Given the listing below, write out exactly the lines starting with the line that has "type_synonym ('k) option_t" and going on through the line that has "(\<forall>(q, p)\<in>M. \<forall>i.", both kept.

----- Records shown

(* Let $c>0$, $\varepsilon>0$, let $\mathcal{D}$ be a distribution over $\mathbb{R}^k_{\ge0}$ with $\mathrm{BRev}(\mathcal{D})<\infty$, let $M$ be a $c$-expensive mechanism that is oddly-priced or evenly-priced, and let $(X,Q)$ be an $\varepsilon$-representative sequence for $M,\mathcal{D}$. Then \[\mathrm{MenuGap}(X,Q)\ge\frac{\mathrm{Rev}(\mathcal{D},M)}{4(1+\varepsilon)\,\mathrm{BRev}(\mathcal{D})}.\]
   Context: Setting: one seller, one additive buyer, $k$ items; the buyer's value vector $\vec v\in\mathbb{R}^k_{\ge0}$ is drawn from a distribution $\mathcal{D}$. A mechanism $M$ is a set of options $(\vec q,p)$ with $\vec q\in[0,1]^k$, $p\in\mathbb{R}$, always containing the null option $(\vec 0,0)$; a buyer with values $\vec v$ selects an option maximizing $\vec v\cdot\vec q-p$ (ties broken arbitrarily; a maximizer is assumed to exist), and $\vec q^M(\vec v),p^M(\vec v)$ denote the allocation and price of the selected option. $\mathrm{Rev}(\mathcal{D},M)=\mathbb{E}_{\vec v\sim\mathcal{D}}[p^M(\vec v)]$; $\mathrm{BRev}(\mathcal{D})=\sup_{p\ge0} p\cdot\Pr_{\vec v\sim\mathcal{D}}[\sum_i v_i\ge p]$. A mechanism is $c$-expensive if every option other than the null option has price at least $c$; a $c$-expensive mechanism is oddly-priced (resp. evenly-priced) if every non-null option has price in $[c2^i,c2^{i+1})$ for some odd (resp. even) integer $i$. $\varepsilon$-representative sequence for $M,\mathcal{D}$: set $\vec q_0=\vec 0$; let $a=1$ if $M$ is oddly-priced and $a=0$ if evenly-priced; for $j\in\mathbb{N}_+$ let $B_j:=\{\vec v\in\mathrm{supp}(\mathcal{D}): p^M(\vec v)\in[c2^{2(j-1)+a},c2^{2(j-1)+a+1})\}$; for each $j$ with $B_j\neq\emptyset$ pick $\vec x_j\in B_j$ with $\|\vec x_j\|_1\le(1+\varepsilon)\|\vec v\|_1$ for all $\vec v\in B_j$, and set $\vec q_j:=\vec q^M(\vec x_j)$; indices $j$ with $B_j=\emptyset$ are omitted (later indices shifted down). $X=(\vec x_j)_{j\ge1}$, $Q=(\vec q_j)_{j\ge0}$. MenuGap: for a sequence $X=(\vec x_i)_{i=1}^N$ of nonzero points of $\mathbb{R}^k_{\ge0}$ and $Q=(\vec q_i)_{i=0}^N\subset[0,1]^k$ with $\vec q_0=\vec0$, $\mathrm{gap}_i^{X,Q}:=\min_{0\le j<i}(\vec q_i-\vec q_j)\cdot\vec x_i$ and $\mathrm{MenuGap}(X,Q):=\sum_{i=1}^N \mathrm{gap}_i^{X,Q}/\|\vec x_i\|_1$. *)

theory Defs
  imports "HOL-Probability.Probability"
begin

type_synonym ('k) option_t = "(real ^ 'k) \<times> real"   (* (allocation q, price p) *)

definition norm1 :: "real ^ 'k::finite \<Rightarrow> real" where
  "norm1 v = (\<Sum>i\<in>UNIV. \<bar>v $ i\<bar>)"

definition nonneg_distribution :: "(real ^ 'k::finite) measure \<Rightarrow> bool" where
  "nonneg_distribution D \<longleftrightarrow> prob_space D \<and> sets D = sets borel \<and>
     (AE v in D. \<forall>i. 0 \<le> v $ i)"

definition dist_supp :: "(real ^ 'k::finite) measure \<Rightarrow> (real ^ 'k) set" where
  "dist_supp D = {v. \<forall>e>0. 0 < measure D (ball v e)}"

definition BRev :: "(real ^ 'k::finite) measure \<Rightarrow> ereal" where
  "BRev D = (SUP p\<in>{0::real..}. ereal (p * measure D {v \<in> space D. (\<Sum>i\<in>UNIV. v $ i) \<ge> p}))"

definition is_mechanism :: "'k::finite option_t set \<Rightarrow> bool" where
  "is_mechanism M \<longleftrightarrow> (0, 0) \<in> M \<and> (\<forall>(q, p)\<in>M. \<forall>i. 0 \<le> q $ i \<and> q $ i \<le> 1)"

definition utility :: "real ^ 'k::finite \<Rightarrow> 'k option_t \<Rightarrow> real" where
  "utility v o' = v \<bullet> fst o' - snd o'"

definition is_selection :: "'k::finite option_t set \<Rightarrow> (real ^ 'k) set \<Rightarrow> (real ^ 'k \<Rightarrow> 'k option_t) \<Rightarrow> bool" where
  "is_selection M S sel \<longleftrightarrow> (\<forall>v\<in>S. sel v \<in> M \<and> (\<forall>o'\<in>M. utility v o' \<le> utility v (sel v)))"

definition Rev :: "(real ^ 'k::finite) measure \<Rightarrow> (real ^ 'k \<Rightarrow> 'k option_t) \<Rightarrow> ereal" where
  "Rev D sel = enn2ereal (\<integral>\<^sup>+ v. ennreal (snd (sel v)) \<partial>D)"

definition c_expensive :: "real \<Rightarrow> 'k::finite option_t set \<Rightarrow> bool" where
  "c_expensive c M \<longleftrightarrow> (\<forall>(q, p)\<in>M. (q, p) \<noteq> (0, 0) \<longrightarrow> c \<le> p)"

definition oddly_priced :: "real \<Rightarrow> 'k::finite option_t set \<Rightarrow> bool" where
  "oddly_priced c M \<longleftrightarrow> c_expensive c M \<and>
     (\<forall>(q, p)\<in>M. (q, p) \<noteq> (0, 0) \<longrightarrow>
        (\<exists>i::int. odd i \<and> c * 2 powr i \<le> p \<and> p < c * 2 powr (i + 1)))"

definition evenly_priced :: "real \<Rightarrow> 'k::finite option_t set \<Rightarrow> bool" where
  "evenly_priced c M \<longleftrightarrow> c_expensive c M \<and>
     (\<forall>(q, p)\<in>M. (q, p) \<noteq> (0, 0) \<longrightarrow>
        (\<exists>i::int. even i \<and> c * 2 powr i \<le> p \<and> p < c * 2 powr (i + 1)))"

definition bucket :: "real \<Rightarrow> nat \<Rightarrow> (real ^ 'k::finite) measure \<Rightarrow> (real ^ 'k \<Rightarrow> 'k option_t)
    \<Rightarrow> nat \<Rightarrow> (real ^ 'k) set" where
  "bucket c a D sel j = {v \<in> dist_supp D.
      c * 2 powr (real (2 * (j - 1) + a)) \<le> snd (sel v) \<and>
      snd (sel v) < c * 2 powr (real (2 * (j - 1) + a + 1))}"

definition idx :: "enat \<Rightarrow> nat set" where
  "idx N = {i. 1 \<le> i \<and> enat i \<le> N}"

text \<open>The nonempty buckets B_j, j \<ge> 1, are enumerated in increasing order by e
  (this is the "omit empty buckets and shift indices down" step).\<close>
definition representative ::
  "real \<Rightarrow> real \<Rightarrow> (real ^ 'k::finite) measure \<Rightarrow> 'k option_t set \<Rightarrow> (real ^ 'k \<Rightarrow> 'k option_t)
    \<Rightarrow> (nat \<Rightarrow> real ^ 'k) \<Rightarrow> (nat \<Rightarrow> real ^ 'k) \<Rightarrow> enat \<Rightarrow> bool" where
  "representative c \<epsilon> D M sel X Q N \<longleftrightarrow>
     (\<exists>a::nat. ((a = 1 \<and> oddly_priced c M) \<or> (a = 0 \<and> evenly_priced c M)) \<and>
       (\<exists>e::nat \<Rightarrow> nat. strict_mono_on (idx N) e \<and>
          e ` idx N = {j. 1 \<le> j \<and> bucket c a D sel j \<noteq> {}} \<and>
          Q 0 = 0 \<and>
          (\<forall>i\<in>idx N. X i \<in> bucket c a D sel (e i) \<and>
              (\<forall>v\<in>bucket c a D sel (e i). norm1 (X i) \<le> (1 + \<epsilon>) * norm1 v) \<and>
              Q i = fst (sel (X i)))))"

definition gap :: "(nat \<Rightarrow> real ^ 'k::finite) \<Rightarrow> (nat \<Rightarrow> real ^ 'k) \<Rightarrow> nat \<Rightarrow> real" where
  "gap X Q i = Min ((\<lambda>j. (Q i - Q j) \<bullet> X i) ` {..<i})"

definition MenuGap :: "(nat \<Rightarrow> real ^ 'k::finite) \<Rightarrow> (nat \<Rightarrow> real ^ 'k) \<Rightarrow> enat \<Rightarrow> ereal" where
  "MenuGap X Q N = (case N of
       enat n \<Rightarrow> ereal (\<Sum>i=1..n. gap X Q i / norm1 (X i))
     | \<infinity> \<Rightarrow> (\<Sum>i. ereal (gap X Q (Suc i) / norm1 (X (Suc i)))))"

end

theory Submission
  imports Defs
begin

text \<open>A buyer in bucket \<open>B\<^sub>j\<close> pays at least \<open>L\<^sub>j\<close>, while every buyer of an earlier nonempty
  bucket pays less than \<open>L\<^sub>j/2\<close>, because consecutive buckets of one parity are a factor 4
  apart. Incentive compatibility of the representative \<open>x\<^sub>j\<close> against the options of earlier
  representatives (and against the null option) therefore gives \<open>gap\<^sub>j \<ge> L\<^sub>j/2\<close>. On the other
  hand every buyer in \<open>B\<^sub>j\<close> has total value at least \<open>\<parallel>x\<^sub>j\<parallel>\<^sub>1/(1+\<epsilon>)\<close>, so selling the grand
  bundle at that price shows \<open>Pr[B\<^sub>j] \<le> (1+\<epsilon>) BRev / \<parallel>x\<^sub>j\<parallel>\<^sub>1\<close>. Bucket \<open>B\<^sub>j\<close> contributes at most
  \<open>2 L\<^sub>j Pr[B\<^sub>j] \<le> 4 (1+\<epsilon>) BRev gap\<^sub>j / \<parallel>x\<^sub>j\<parallel>\<^sub>1\<close> to the revenue; summing over the buckets gives
  the claim.\<close>

lemma space_nonneg_distribution: "nonneg_distribution D \<Longrightarrow> space D = UNIV"
  unfolding nonneg_distribution_def by (metis sets_eq_imp_space_eq space_borel)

----------

Solution to the problem:
type_synonym ('k) option_t = "(real ^ 'k) \<times> real"   (* (allocation q, price p) *)

definition norm1 :: "real ^ 'k::finite \<Rightarrow> real" where
  "norm1 v = (\<Sum>i\<in>UNIV. \<bar>v $ i\<bar>)"

definition nonneg_distribution :: "(real ^ 'k::finite) measure \<Rightarrow> bool" where
  "nonneg_distribution D \<longleftrightarrow> prob_space D \<and> sets D = sets borel \<and>
     (AE v in D. \<forall>i. 0 \<le> v $ i)"

definition dist_supp :: "(real ^ 'k::finite) measure \<Rightarrow> (real ^ 'k) set" where
  "dist_supp D = {v. \<forall>e>0. 0 < measure D (ball v e)}"

definition BRev :: "(real ^ 'k::finite) measure \<Rightarrow> ereal" where
  "BRev D = (SUP p\<in>{0::real..}. ereal (p * measure D {v \<in> space D. (\<Sum>i\<in>UNIV. v $ i) \<ge> p}))"

definition is_mechanism :: "'k::finite option_t set \<Rightarrow> bool" where
  "is_mechanism M \<longleftrightarrow> (0, 0) \<in> M \<and> (\<forall>(q, p)\<in>M. \<forall>i. 0 \<le> q $ i \<and> q $ i \<le> 1)"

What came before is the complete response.